Death Waits II The Writers
The second in the Death Waits duo, Death Waits II: The Writers features songs inspired by the lives and works of Emily Dickinson, Haruki Murakami, Isaac Babel, Samuel Beckett, Sylvia Plath, James Joyce, Dante, Paul Bowles, Seamus Heaney, and Albert Camus.
(Digital Version)
Emily Dickinson - Death Waits II
“Because I could not stop for Death —”
“He kindly stopped for me — ”
The words send a shiver down one’s spine. Emily Dickinson wrote without an audience (for the most part), without — much — encouragement, without limit, and without censor. Most of what she wrote languished unseen until after her death. She captured the mundane and soaring impressions of a quiet life in Amherst, Massachusetts, with an eye and voice that let them sparkle darkly.
Death Waits II draws from her life and her poems “Because I could not stop for Death,” and “A Route of Evanescence.”
Haruki Murakami - A Poor Aunt
Runner, swimmer, music lover, cafe proprietor, and inhabitor of imaginary worlds that crowd out reality, Haruki Murakami’s prose seems straightforward enough at first. But as with spaghetti we quickly find that it eludes our attempts to tame it with the fork of our intellect. Murakami is not a product of the modern age, the modern age is a product of Murakami. We read him to find out who we are, or, at least, who we might be.
“I didn’t even have / A poor aunt of my own.
Huh, like lines from a song.”
— from “A ‘Poor Aunt’ Story” by Haruki Murakami
Isaac Babel - My First Goose
Isaac Babel wrote of death, despair and brutality with a tender and lurid vigor that leaves us spellbound and repelled by the acts of man. A gentle, bespectacled intellectual, he followed the advice of his mentor, Gorky, and went out to learn to write by experiencing life. Babel joined the notorious Cossack army during the Polish-Soviet war of 1920.

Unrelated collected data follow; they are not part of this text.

text \<open>The first turn needs a breakpoint \<open>c\<close> in \<open>(u 0, u 2)\<close>; restarting the zigzag at some
  \<open>v \<ge> c\<close> leaves all later turns to breakpoints beyond \<open>v\<close>.\<close>
lemma zigzag_first_breakpoint:
  assumes fin: "finite S" and f: "affine_between S f" and zz: "zigzag f u (Suc (Suc n))"
  shows "\<exists>c\<in>S. \<exists>v. u 0 < c \<and> c \<le> v \<and> zigzag f (\<lambda>i. if i = 0 then v else u (Suc i)) (Suc n)"
proof -
  have u: "u 0 < u 1" "u 1 < u 2" and turn: "(f (u 1) - f (u 0)) * (f (u 2) - f (u 1)) < 0"
    using zz unfolding zigzag_def by (auto simp: numeral_2_eq_2)
  show ?thesis
  proof (cases "\<exists>c\<in>S. u 0 < c \<and> c \<le> u 1")
    case True
    moreover have "zigzag f (\<lambda>i. if i = 0 then u 1 else u (Suc i)) (Suc n)"
      using zz unfolding zigzag_def by (auto simp: nat.split_sels(1) split: if_splits)
    ultimately show ?thesis by blast
  next
    case no_early: False
    define Q where "Q = S \<inter> {u 1<..<u 2}"
    have "Q \<noteq> {}"
    proof
      assume "Q = {}"
      have "S \<inter> {u 0<..<u 2} = {}"
      proof (intro equals0I)
        fix t assume t: "t \<in> S \<inter> {u 0<..<u 2}"
        show False
        proof (cases "t \<le> u 1")
          case True
          with t no_early show False by auto
        next
          case False
          with t have "t \<in> Q" unfolding Q_def by auto
          with \<open>Q = {}\<close> show False by blast
        qed
      qed
      then have "affine_on_set {u 0..u 2} f" using f unfolding affine_between_def by blast
      with turn u show False using affine_increments_nonneg[of "u 0" "u 2" f "u 1"] by simp
    qed
    define c where "c = Min Q"
    have "finite Q" using fin unfolding Q_def by simp
    then have c: "c \<in> S" "u 1 < c" "c < u 2" and c_least: "\<And>t. t \<in> Q \<Longrightarrow> c \<le> t"
      using Min_in[OF _ \<open>Q \<noteq> {}\<close>] Min_le unfolding c_def Q_def by auto
    have "S \<inter> {u 0<..<c} = {}"
      using no_early c_least c unfolding Q_def by (force simp: not_le[symmetric])
    then have "affine_on_set {u 0..c} f" using f unfolding affine_between_def by blast
    then have "0 \<le> (f (u 1) - f (u 0)) * (f c - f (u 1))"
      using affine_increments_nonneg u c by (simp add: less_imp_le)
    then have new_turn: "(f (u 1) - f (u 0)) * (f (u 2) - f c) < 0"
      using turn by (simp add: algebra_simps)
    define w where "w i = (if i = 0 then c else u (Suc i))" for i
    have "zigzag f w (Suc n)"
      unfolding zigzag_def
    proof (intro conjI allI impI)
      fix i assume "i < Suc n"
      then show "w i < w (Suc i)"
        using zz c unfolding zigzag_def w_def by (auto simp: numeral_2_eq_2)
    next
      fix i assume i: "Suc i < Suc n"
      show "(f (w (Suc i)) - f (w i)) * (f (w (Suc (Suc i))) - f (w (Suc i))) < 0"
      proof (cases "i = 0")
        case True
        have "(f (u 2) - f (u 1)) * (f (u 3) - f (u 2)) < 0"
          using zz i True unfolding zigzag_def by (auto simp: numeral_2_eq_2 numeral_3_eq_3)
        with turn new_turn have "(f (u 2) - f c) * (f (u 3) - f (u 2)) < 0"
          by (auto simp: mult_less_0_iff)
        then show ?thesis using True unfolding w_def by (simp add: numeral_2_eq_2 numeral_3_eq_3)
      next
        case False
        then show ?thesis using zz i unfolding zigzag_def w_def by auto
      qed
    qed
    then show ?thesis using c u unfolding w_def by (intro bexI[of _ c]) auto
  qed
qed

My First Goose is a story from the resulting Red Cavalry collection. Surviving the war and an order of execution (reward for his unvarnished reporting), Babel continued to live in the thick of life’s discomforts. Despite the constant threat of arrest he kept the company of the police — how else to understand them? he asked. Babel’s luck eventually ran out and, by consensus at least, it is agreed that he died in 1940 in a Soviet prison.
Samuel Beckett - No Maggot Lonely
Pined for by Lucia Joyce, daughter of James Joyce — his employer — Samuel Beckett was perhaps an odd target of romantic fascination. But perhaps not. In the words of Harold Pinter: “He’s not fucking me about, he’s not leading me up any garden path, he’s not slipping me a wink, he’s not flogging me a remedy or a path or a revelation or a basinful of breadcrumbs, he’s not selling me anything I don’t want to buy — he doesn’t give a bollock whether I buy or not — he hasn’t got his hand over his heart. Well, I’ll buy his goods, hook, line and sinker, because he leaves no stone unturned and no maggot lonely.”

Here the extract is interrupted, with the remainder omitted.